• [EXCERPTED DATA]:
lemma holder_cont_holder_diff_in_time:
  fixes F :: "real \<Rightarrow> (real \<Rightarrow> 'u::real_normed_vector) \<Rightarrow> 'l::real_normed_vector"
  assumes hc: "holder_cont a b T c ct F" and "a \<ge> 0" "b \<ge> 0"
    and "0 \<le> t0" "t0 \<le> t1" "t1 \<le> T"
    and Y: "holder a {0..t1} Y" and Z: "holder a {0..t1} Z"
    and R: "hsemi a {t0..t1} Y \<le> R" "hsemi a {t0..t1} Z \<le> R" and "0 < \<theta>" "\<theta> < 1"
  shows "holder (a * b * \<theta>) {t0..t1} (\<lambda>t. F t (pext t1 Y) - F t (pext t1 Z))
       \<and> hsemi (a * b * \<theta>) {t0..t1} (\<lambda>t. F t (pext t1 Y) - F t (pext t1 Z))
         \<le> 2 * ct powr (1 - \<theta>) * c powr \<theta> * (1 + R powr b) powr \<theta>
            * (hsemi a {0..t1} (\<lambda>x. Y x - Z x) + norm (Y 0 - Z 0)) powr (b * (1 - \<theta>))"
proof -
  define E where "E = hsemi a {0..t1} (\<lambda>x. Y x - Z x) + norm (Y 0 - Z 0)"
  define D where "D = (\<lambda>t. F t (pext t1 Y) - F t (pext t1 Z))"
  have c: "c \<ge> 0" "ct \<ge> 0" using hc unfolding holder_cont_def by auto
  have "holder (a * b) {t0..t1} (\<lambda>t. F t (pext t1 Y))
      \<and> hsemi (a * b) {t0..t1} (\<lambda>t. F t (pext t1 Y)) \<le> c * (1 + R powr b)"
    and "holder (a * b) {t0..t1} (\<lambda>t. F t (pext t1 Z))
      \<and> hsemi (a * b) {t0..t1} (\<lambda>t. F t (pext t1 Z)) \<le> c * (1 + R powr b)"
    using holder_cont_holder_in_time_le[OF hc _ _ _ _ _ _ R(1)]
      holder_cont_holder_in_time_le[OF hc _ _ _ _ _ _ R(2)] Y Z assms by auto
  then have D: "holder (a * b) {t0..t1} D \<and> hsemi (a * b) {t0..t1} D \<le> 2 * c * (1 + R powr b)"
    using holder_diff[of "a * b" "{t0..t1}" "\<lambda>t. F t (pext t1 Y)" "\<lambda>t. F t (pext t1 Z)"]
    unfolding D_def by auto
  have "norm (D t) \<le> ct * E powr b" if "t \<in> {t0..t1}" for t
    using holder_cont_norm_diff_le[OF hc _ _ _ Y Z] that assms unfolding D_def E_def by auto
  then have D\<theta>: "holder (a * b * \<theta>) {t0..t1} D
      \<and> hsemi (a * b * \<theta>) {t0..t1} D \<le> hsemi (a * b) {t0..t1} D powr \<theta> * (2 * (ct * E powr b)) powr (1 - \<theta>)"
    using holder_interpolate_sup_bound D assms by blast
  have "hsemi (a * b * \<theta>) {t0..t1} D \<le> hsemi (a * b) {t0..t1} D powr \<theta> * (2 * (ct * E powr b)) powr (1 - \<theta>)"
    using D\<theta> by blast
  also have "\<dots> \<le> (2 * c * (1 + R powr b)) powr \<theta> * (2 * (ct * E powr b)) powr (1 - \<theta>)"
    using D hsemi_nonneg assms by (intro mult_right_mono powr_mono2) auto
  also have "\<dots> = (2 powr \<theta> * 2 powr (1 - \<theta>)) * ct powr (1 - \<theta>) * c powr \<theta> * (1 + R powr b) powr \<theta>
        * E powr (b * (1 - \<theta>))"
    using c by (simp add: powr_mult powr_powr)
  also have "2 powr \<theta> * 2 powr (1 - \<theta>) = (2::real)" by (simp add: powr_add[symmetric])
  finally show ?thesis using D\<theta> unfolding D_def E_def by simp
qed

theorem proposition4p10:
  fixes F :: "real \<Rightarrow> (real \<Rightarrow> 'u::banach) \<Rightarrow> ('v::banach \<Rightarrow>\<^sub>L 'u)"
    and T \<alpha> \<beta> c ct t0 t1 :: real
    and Y Z :: "real \<Rightarrow> 'u"
  assumes "T > 0" and "0 < \<alpha>" "\<alpha> \<le> 1" and "0 < \<beta>" "\<beta> \<le> 1"
    and "non_anticipating \<alpha> T F"
    and "holder_cont \<alpha> \<beta> T c ct F"
    and "0 \<le> t0" "t0 \<le> t1" "t1 \<le> T"
    and "holder \<alpha> {0..t1} Y" "holder \<alpha> {0..t1} Z"
  shows "holder (\<alpha> * \<beta>) {t0..t1} (\<lambda>t. F t (pext t1 Y))
       \<and> hsemi (\<alpha> * \<beta>) {t0..t1} (\<lambda>t. F t (pext t1 Y)) \<le> c * (1 + hsemi \<alpha> {t0..t1} Y powr \<beta>)
       \<and> (\<forall>R \<theta>. hsemi \<alpha> {t0..t1} Y \<le> R \<longrightarrow> hsemi \<alpha> {t0..t1} Z \<le> R \<longrightarrow> 0 < \<theta> \<longrightarrow> \<theta> < 1 \<longrightarrow>
       holder (\<alpha> * \<beta> * \<theta>) {t0..t1} (\<lambda>t. F t (pext t1 Y) - F t (pext t1 Z))
       \<and> hsemi (\<alpha> * \<beta> * \<theta>) {t0..t1} (\<lambda>t. F t (pext t1 Y) - F t (pext t1 Z))
         \<le> 2 * ct powr (1 - \<theta>) * c powr \<theta> * (1 + R powr \<beta>) powr \<theta>
            * (hsemi \<alpha> {0..t1} (\<lambda>x. Y x - Z x) + norm (Y 0 - Z 0)) powr (\<beta> * (1 - \<theta>)))"
proof -
  have "0 \<le> \<alpha>" "0 \<le> \<beta>" using assms by auto
  then show ?thesis
    using holder_cont_holder_in_time[OF assms(7) _ _ assms(8-11)]
      holder_cont_holder_diff_in_time[OF assms(7) _ _ assms(8-12)] by blast
qed
end
lemma esym_qzeta_term_tendsto_mqzeta:
  assumes "1 < a"
  shows "(\<lambda>N. esym (qzeta_term q a) n N) \<longlonglongrightarrow> mqzeta q (replicate n a)"
  unfolding esym_eq_sum_qz_indices_upto mqzeta_replicate
proof (rule tendsto_sum_exhausting_infsum)
  show "0 \<le> prod_list (map (qzeta_term q a) ks)" for ks
    using qzeta_term_nonneg by (intro prod_list_nonneg) auto
  show "mono (qz_indices_upto n)"
    by (auto simp: mono_def qz_indices_upto_def)
  show "\<exists>N. ks \<in> qz_indices_upto n N" if "ks \<in> qz_indices n" for ks
    using that member_le_sum_list by (auto simp: qz_indices_upto_def)
  show "(\<Sum>ks\<in>qz_indices_upto n N. prod_list (map (qzeta_term q a) ks))
      \<le> (1 / (1 - q powr (a - 1))) ^ n" for N
    unfolding esym_eq_sum_qz_indices_upto[symmetric]
    by (intro order_trans[OF esym_le_power_sum power_mono] sum_qzeta_term_le assms sum_nonneg
        qzeta_term_nonneg)
  show "finite (qz_indices_upto n N)" for N
    by (rule finite_qz_indices_upto)
  show "qz_indices_upto n N \<subseteq> qz_indices n" for N
    by (auto simp: qz_indices_upto_def)
qed
text \<open>Among a * x, L, x, b * L, Schanuel's conjecture produces algebraically independent
  sets containing b, while keeping at most one of x and a * x; their elements then satisfy
  a relation (b - r) * v = c * w excluded above.  In the first case a * x and L are
  linearly independent, and so is x with them, since exp x is transcendental.\<close>
lemma independent_case:
  assumes indep2: "Q_lin_indep_list [a * x, L]"
  shows False
proof -
  have "x \<notin> Qvec.span {a * x, L}"
  proof
    assume "x \<in> Qvec.span {a * x, L}"
    then have "algebraic (exp x)"
      by (rule algebraic_exp_span) (use alg_exp_ax exp_L alg_a in auto)
    with transcendental_b exp_x show False by simp
  qed
  then have indep3: "Q_lin_indep_list [a * x, L, x]"
    using Q_lin_indep_list_snoc[OF indep2] by simp
  show False
  proof (cases "Q_lin_indep_list [a * x, L, x, b * L]")
    case True
    have "set [a * x, L, x, b * L] \<union> exp ` set [a * x, L, x, b * L]
            \<subseteq> insert x (insert (a * x) (set [L, b * L, b])) \<union> Collect algebraic"
      using alg_exp_ax alg_exp_bL alg_a exp_L exp_x by auto
    moreover have "length [a * x, L, x, b * L] = Suc (length [L, b * L, b])" by simp
    ultimately obtain k where k: "Q_alg_indep (set [k * x, L, b * L, b])" "distinct [k * x, L, b * L, b]"
      using schanuel_keep_one_multiple[OF schanuel True alg_a a_ne_1] by blast
    then show False
      using alg_indep_no_shifted_product[OF k(1), of b L "b * L" 1 0] by auto
  next
    case False
    then have "b * L \<in> Qvec.span {a * x, L, x}"
      using Q_lin_indep_list_snoc[OF indep3, of "b * L"] by auto
    then obtain p0 p1 p2 where "b * L = of_rat p0 * (a * x) + of_rat p1 * L + of_rat p2 * x"
      using Qvec_span_list[of "b * L" "[a * x, L, x]"] by (auto simp: eval_nat_numeral)
    then have rel: "(b - of_rat p1) * L = (of_rat p0 * a + of_rat p2) * x"
      by (simp add: algebra_simps)
    have "set [a * x, L, x] \<union> exp ` set [a * x, L, x]
            \<subseteq> insert x (insert (a * x) (set [L, b])) \<union> Collect algebraic"
      using alg_exp_ax alg_a exp_L exp_x by auto
    moreover have "length [a * x, L, x] = Suc (length [L, b])" by simp
    ultimately obtain k where k: "k = 1 \<or> k = a" "Q_alg_indep (set [k * x, L, b])" "distinct [k * x, L, b]"
      using schanuel_keep_one_multiple[OF schanuel indep3 alg_a a_ne_1] by blast
    have "(b - of_rat p1) * L \<noteq> ((of_rat p0 * a + of_rat p2) / k) * (k * x)"
      by (rule alg_indep_no_shifted_product[OF k(2)])
         (use k(1,3) alg_a in \<open>auto intro!: algebraic_divide algebraic_add algebraic_mult algebraic_of_rat\<close>)
    with rel k(1) a_nz show False by auto
  qed
qed
text \<open>e_HK(k[S]) = e for the 2-dimensional ring k[S]: the limit of l(R/m^[n])/n^2,
  taken over all n in characteristic 0 and along n = q^e in characteristic q > 0.
  We also record that all these lengths are finite.\<close>
definition has_ehk :: "'k::field itself \<Rightarrow> (nat \<times> nat) set \<Rightarrow> real \<Rightarrow> bool" where
  "has_ehk TYPE('k) G e \<longleftrightarrow>
     (\<forall>n. hk_length TYPE('k) G n \<noteq> \<infinity>) \<and>
     (if CHAR('k) = 0
      then (\<lambda>n. real (the_enat (hk_length TYPE('k) G n)) / real n ^ 2) \<longlonglongrightarrow> e
      else (\<lambda>j. real (the_enat (hk_length TYPE('k) G (CHAR('k) ^ j))) / real (CHAR('k) ^ j) ^ 2)
             \<longlonglongrightarrow> e)"

end

theory Submission
  imports Defs "HOL-Real_Asymp.Real_Asymp"
begin

text \<open>Write \<open>N = n\<^sub>p\<close> and \<open>A = {n\<^sub>0, ..., n\<^sub>p}\<close>. The elements of \<open>S\<close> of degree \<open>d\<close> are the
  pairs \<open>(x, d N - x)\<close> with \<open>x\<close> in the \<open>d\<close>-fold sumset \<open>d A\<close>, and \<open>m^[n]\<close> is the monomial
  ideal spanned by \<open>\<Union>\<^sub>r (n g\<^sub>r + S)\<close>. A leading-exponent argument shows that the length of a
  monomial quotient is the number of exponents outside the ideal, so the length of \<open>k[S]/m^[n]\<close> counts the
  points of \<open>S\<close> not covered by the translates \<open>n g\<^sub>r + S\<close>.

  By the structure theorem for sumsets, \<open>m A\<close> contains \<open>[c, m N - c]\<close> for all large \<open>m\<close>.
  Hence, up to \<open>O(n)\<close> points, the uncovered points are all points of degree \<open>< n\<close>
  (about \<open>N n\<^sup>2 / 2\<close>) together with, for each \<open>r\<close>, a triangle of area
  \<open>(n (n\<^sub>r - n\<^sub>r\<^sub>-\<^sub>1))\<^sup>2 / (2 N)\<close>. Thus the length of \<open>k[S]/m^[n]\<close> is \<open>e n\<^sup>2 + O(n)\<close> with
  \<open>e = N / 2 + \<Sum>\<^sub>r (n\<^sub>r - n\<^sub>r\<^sub>-\<^sub>1)\<^sup>2 / (2 N)\<close>, which telescopes to the stated formula.\<close>

section \<open>Sumsets of natural numbers\<close>

fun sumset :: "nat set \<Rightarrow> nat \<Rightarrow> nat set" where
  "sumset B 0 = {0}"
| "sumset B (Suc d) = {b + y | b y. b \<in> B \<and> y \<in> sumset B d}"

lemma sumset_Suc_if_0: "0 \<in> B \<Longrightarrow> x \<in> sumset B d \<Longrightarrow> x \<in> sumset B (Suc d)"
  by auto (metis add_0)

lemma sumset_mono:
  assumes "0 \<in> B" "d \<le> d'" "x \<in> sumset B d"
  shows "x \<in> sumset B d'"
  using assms(2) by (induction d' rule: dec_induct) (use assms sumset_Suc_if_0 in auto)

lemma sumset_add: "x \<in> sumset B i \<Longrightarrow> y \<in> sumset B j \<Longrightarrow> x + y \<in> sumset B (i + j)"
proof (induction i arbitrary: x)
  case (Suc i)
  then obtain b z where "b \<in> B" "z \<in> sumset B i" "x = b + z" by auto
  with Suc.IH[of z] Suc.prems show ?case by auto (metis add.assoc)
qed simp

lemma sumset_mult: "x \<in> sumset B d \<Longrightarrow> k * x \<in> sumset B (k * d)"
  by (induction k) (auto dest: sumset_add)

lemma sumset_add_multiple: "N \<in> B \<Longrightarrow> x \<in> sumset B d \<Longrightarrow> x + k * N \<in> sumset B (d + k)"
  using sumset_add[of x B d "k * N" k] sumset_mult[of N B 1 k] by auto

lemma sumset_le: "B \<subseteq> {..N} \<Longrightarrow> x \<in> sumset B d \<Longrightarrow> x \<le> d * N"
proof (induction d arbitrary: x)
  case (Suc d)
  then obtain b z where "b \<in> B" "z \<in> sumset B d" "x = b + z" by auto
  with Suc show ?case by fastforce
qed simp

text \<open>With \<open>0 \<in> B\<close>, an element \<open>x\<close> of a sumset needs at most \<open>x\<close> nonzero summands.\<close>

lemma sumset_downward: "0 \<in> B \<Longrightarrow> x \<in> sumset B d \<Longrightarrow> x \<le> j \<Longrightarrow> x \<in> sumset B j"
proof (induction d arbitrary: x j)
  case 0
  then show ?case using sumset_mono[of B 0 j] by simp
next
  case (Suc d)
  then obtain b z where bz: "b \<in> B" "z \<in> sumset B d" "x = b + z" by auto
  show ?case
  proof (cases "b = 0")
    case True
    then show ?thesis using Suc bz by auto
  next
    case False
    then obtain j' where j': "j = Suc j'" "z \<le> j'" using Suc.prems bz by (cases j) auto
    then have "z \<in> sumset B j'" using Suc.IH bz Suc.prems by blast
    then show ?thesis using bz j' by auto
  qed
qed

definition reflect :: "nat \<Rightarrow> nat set \<Rightarrow> nat set" where
  "reflect N B = (\<lambda>b. N - b) ` B"
lemma blowup_partition_eq_sum_type_maps:
  "blowup_partition R tgt D N wt =
     (\<Sum>t\<in>type_maps R D N. (\<Prod>w\<in>R. \<Prod>k<N. wt (t w k)) * card (black_labellings R tgt N t))"
proof -
  have weight: "(\<Prod>x\<in>lift_matching R N (t, l). wt (fst (snd x))) = (\<Prod>w\<in>R. \<Prod>k<N. wt (t w k))" for t l
  proof -
    have "(\<Prod>x\<in>lift_matching R N (t, l). wt (fst (snd x))) = (\<Prod>x\<in>R \<times> {..<N}. wt (t (fst x) (snd x)))"
      unfolding lift_matching_def case_prod_conv prod.reindex[OF inj_on_subset[OF inj_lift_edge subset_UNIV]]
      by (simp add: lift_edge_def)
    also have "\<dots> = (\<Prod>w\<in>R. \<Prod>k<N. wt (t w k))"
      by (simp add: prod.cartesian_product case_prod_beta)
    finally show ?thesis .
  qed
  have "blowup_partition R tgt D N wt =
      (\<Sum>p\<in>Sigma (type_maps R D N) (black_labellings R tgt N). \<Prod>x\<in>lift_matching R N p. wt (fst (snd x)))"
    unfolding blowup_partition_def by (rule sum.reindex_bij_betw[OF bij_betw_lift_matching, symmetric])
  also have "\<dots> = (\<Sum>(t, l)\<in>Sigma (type_maps R D N) (black_labellings R tgt N). \<Prod>w\<in>R. \<Prod>k<N. wt (t w k))"
    by (rule sum.cong[OF refl]) (clarsimp simp: weight)
  also have "\<dots> = (\<Sum>t\<in>type_maps R D N. \<Sum>l\<in>black_labellings R tgt N t. \<Prod>w\<in>R. \<Prod>k<N. wt (t w k))"
    using finite_R by (intro sum.Sigma[symmetric]) (auto simp: finite_type_maps finite_black_labellings)
  also have "\<dots> = (\<Sum>t\<in>type_maps R D N. (\<Prod>w\<in>R. \<Prod>k<N. wt (t w k)) * card (black_labellings R tgt N t))"
    by (simp add: mult.commute)
  finally show ?thesis .
qed

lemma finite_black_fiber: "finite (black_fiber R tgt N t b)"
  unfolding black_fiber_def using finite_R by simp

lemma card_black_labellings:
  assumes t: "t \<in> type_maps R D N"
  shows "card (black_labellings R tgt N t) =
    (\<Prod>b\<in>R. card {g \<in> black_fiber R tgt N t b \<rightarrow>\<^sub>E {..<N}. bij_betw g (black_fiber R tgt N t b) {..<N}})"
  unfolding black_labellings_def black_fiber_def
  using finite_R t by (intro card_PiE_bij_betw_fibers) (auto simp: tgt_in_R type_maps_range)

lemma card_black_labellings_le:
  assumes t: "t \<in> type_maps R D N"
  shows "card (black_labellings R tgt N t) \<le> fact N ^ card R"
proof -
  have "card {g \<in> black_fiber R tgt N t b \<rightarrow>\<^sub>E {..<N}. bij_betw g (black_fiber R tgt N t b) {..<N}} \<le> fact N"
    for b
  proof (cases "card (black_fiber R tgt N t b) = N")
    case True
    then show ?thesis using card_PiE_bij_betw[OF finite_black_fiber, of "{..<N}"] by simp
  next
    case False
    then have "{g \<in> black_fiber R tgt N t b \<rightarrow>\<^sub>E {..<N}. bij_betw g (black_fiber R tgt N t b) {..<N}} = {}"
      using bij_betw_same_card by fastforce
    then show ?thesis by (simp only: card.empty)
  qed
  then show ?thesis
    unfolding card_black_labellings[OF t] by (intro prod_le_power) (auto simp: Suc_leI)
qed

• [INSTRUCTIONS FOR THE TASK]: In the data, find how many lines hold the string "ultimately", and answer with the number only.

• [RESULT OF THIS EXERCISE]: 2